What is natural-language processing?

26.01.2022

What is natural-language processing?

Natural-language processing (NLP) is a set of methods that help a computer system understand human speech.

NLP is a branch of artificial intelligence. It remains one of AI’s hardest problems and is still far from fully solved.

When did NLP emerge?

The roots of NLP go back to the 1950s, when the British scientist Alan Turing published the essay “Computing Machinery and Intelligence”, proposing the “Turing test”. One of its criteria is a machine’s ability to interpret and generate human speech.

On January 7th 1954, researchers at Georgetown University demonstrated machine translation. Engineers translated more than 60 Russian sentences into English fully automatically. The event spurred the field and went down in history as the Georgetown experiment.

In 1966, the American computer scientist of German origin Joseph Weizenbaum, at MIT, built the first chatbot, ELIZA. The program mimicked a conversation with a psychotherapist using active-listening techniques.

In essence, the system paraphrased the user’s messages to create the impression of understanding. In reality it did not grasp the substance of the dialogue. When it could not find an answer, it typically replied “I see” (“Понятно”) and steered the conversation elsewhere.

That same year the Automatic Language Processing Advisory Committee (ALPAC) released a report concluding that a decade of research had fallen short. Funding for machine translation was sharply cut.

For the next decades breakthroughs were scarce, until the rise of the first machine-learning algorithms in the 1980s. Around the same time, statistical machine-translation systems appeared and research resumed.

NLP boomed in the 2010s as deep-learning algorithms took off. Many of today’s mainstays appeared then—chatbots, autocorrect, voice assistants and the like. Recurrent neural networks became the default tool for many tasks.

Another revolution came in 2019, when OpenAI unveiled the language model Generative Pre-Trained Transformer 2, or GPT-2. Unlike earlier generators, it could produce long, coherent passages, answer questions, compose verse and even suggest new recipes.

A year later OpenAI introduced GPT-3, and big technology firms began showcasing their own large language models.

How do NLP systems work?

To answer that, consider how we humans use natural language.

When we hear or read a phrase, several processes occur in parallel:

perception;
understanding of meaning;
response.

Perception is the conversion of a sensory signal into symbols. We might hear a particular word or see it rendered in different fonts. Either way, the input must be turned into a single representation: words written with letters.

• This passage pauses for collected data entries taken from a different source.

text \<open>Only a 2-cycle \<open>\<pi> i = k\<close>, \<open>\<pi> k = i\<close> couples two different summands of \<open>sum_vB\<close>;
  in every other case some factor \<open>v\<close> or \<open>B\<close> sits alone on its coordinate and has mean zero.\<close>
lemma
  assumes i: "i \<in> {1..\<gamma>}" and k: "k \<in> {1..\<gamma>}"
  shows integrable_vB_vB: "integrable P (\<lambda>z. (v (z i) * B (z (\<pi> i))) * (v (z k) * B (z (\<pi> k))))"
    and integral_vB_vB: "(\<integral>z. (v (z i) * B (z (\<pi> i))) * (v (z k) * B (z (\<pi> k))) \<partial>P)
        = (if i = k then (var_b + sigma2) * var_b
           else if \<pi> i = k \<and> \<pi> k = i then var_b * var_b else 0)"
proof -
  have \<pi>i: "\<pi> i \<in> {1..\<gamma>}" "i \<noteq> \<pi> i" using \<pi>_in[OF i] \<pi>_neq[OF i] by auto
  have \<pi>k: "\<pi> k \<in> {1..\<gamma>}" "k \<noteq> \<pi> k" using \<pi>_in[OF k] \<pi>_neq[OF k] by auto
  note Z = Z.prob_space_axioms finite_atLeastAtMost
  let ?f = "\<lambda>z. (v (z i) * B (z (\<pi> i))) * (v (z k) * B (z (\<pi> k)))"
  let ?r = "if i = k then (var_b + sigma2) * var_b
            else if \<pi> i = k \<and> \<pi> k = i then var_b * var_b else 0"
  consider "i = k" | "i \<noteq> k" "\<pi> i = k" "\<pi> k = i" | "i \<noteq> k" "\<pi> i = k" "\<pi> k \<noteq> i"
    | "i \<noteq> k" "\<pi> i \<noteq> k" "\<pi> k = i" | "i \<noteq> k" "\<pi> i \<noteq> k" "\<pi> k \<noteq> i"
    by blast
  then have "integrable P ?f \<and> integral\<^sup>L P ?f = ?r"
  proof cases
    case 1
    then have "?f = (\<lambda>z. (\<lambda>y. v y * v y) (z i) * (\<lambda>y. B y * B y) (z (\<pi> i)))"
      by (auto simp: fun_eq_iff algebra_simps)
    then show ?thesis
      using PiM_two_coords[OF Z i \<pi>i integrable_vv integrable_BB] 1
      by (simp add: integral_vv integral_BB)
  next
    case 2
    then have "?f = (\<lambda>z. (\<lambda>y. v y * B y) (z i) * (\<lambda>y. B y * v y) (z k))"
      by (auto simp: fun_eq_iff algebra_simps)
    then show ?thesis
      using PiM_two_coords[OF Z i k 2(1) integrable_vB integrable_Bv] 2
      by (simp add: integral_vB integral_Bv)
  next
    case 3
    then have "?f = (\<lambda>z. v (z i) * (\<lambda>y. B y * v y) (z k) * B (z (\<pi> k)))"
      by (auto simp: fun_eq_iff algebra_simps)
    then show ?thesis
      using PiM_three_coords[OF Z i k \<pi>k(1) 3(1) not_sym[OF 3(3)] \<pi>k(2) integrable_v integrable_Bv integrable_B] 3
      by (auto simp: integral_v)
  next
    case 4
    then have "?f = (\<lambda>z. (\<lambda>y. v y * B y) (z i) * B (z (\<pi> i)) * v (z k))"
      by (auto simp: fun_eq_iff algebra_simps)
    then show ?thesis
      using PiM_three_coords[OF Z i \<pi>i(1) k \<pi>i(2) 4(1) 4(2) integrable_vB integrable_B integrable_v] 4
      by (auto simp: integral_v)
  next
    case 5
    then have "?f = (\<lambda>z. v (z i) * B (z (\<pi> i)) * v (z k) * B (z (\<pi> k)))"
      by (auto simp: fun_eq_iff algebra_simps)
    moreover have "\<pi> i \<noteq> \<pi> k" using 5(1) \<pi>_inj by blast
    ultimately show ?thesis
      using PiM_four_coords[OF Z i \<pi>i(1) k \<pi>k(1) \<pi>i(2) 5(1) 5(2) not_sym[OF 5(3)] \<open>\<pi> i \<noteq> \<pi> k\<close> \<pi>k(2)
          integrable_v integrable_B integrable_v integrable_B] 5
      by (auto simp: integral_v)
  qed
  then show "integrable P ?f" and "integral\<^sup>L P ?f = ?r" by auto
qed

Understanding meaning is the hardest task—one that even people with their natural intelligence often mishandle. Lacking context or misreading a phrase can cause confusion, even serious conflict.

For example, in 1956, at the height of the Cold War between the USSR and the United States, Soviet leader Nikita Khrushchev delivered a speech that contained the phrase “We will bury you.” Americans took it too literally, construing it as a threat of nuclear attack. In fact, Khrushchev meant only that socialism would outlive capitalism; the phrase was an interpretation of a thesis by Karl Marx.

The incident quickly escalated into an international scandal, prompting apologies from Soviet diplomats and the Communist Party’s general secretary.

Hence the importance of grasping meaning and context—spoken or written—to avoid situations that can affect people’s lives.

A response is the outcome of decision-making. It is comparatively simple: form a set of possible replies based on the perceived meaning, the context and, perhaps, internal states.

NLP algorithms follow much the same pattern.

Perception is the conversion of incoming information into a machine-readable set of symbols. For a chatbot, text is already in that form. For audio or handwriting, it must first be converted—something modern neural networks do well.

Responding to text has also been solved by weighing alternatives and comparing results. A chatbot may return a text answer from its knowledge base; a voice assistant may act on a smart-home device—say, switching on a light.

Understanding is trickier, and worth considering separately.

How do AI systems understand speech?

Today, three approaches to language understanding are common:

statistical;
formal-grammatical;
neural.

Statistical methods are widely used in machine translation, automated reviewers and some chatbots. The idea is to feed a model huge corpora of text to uncover statistical regularities. Such models are then used to translate or generate text, sometimes with an awareness of context.

The formal-grammatical approach is a mathematical apparatus that aims to determine the meaning of a natural-language phrase as precisely and unambiguously as a machine can. This is not always possible: some phrases are unclear even to people.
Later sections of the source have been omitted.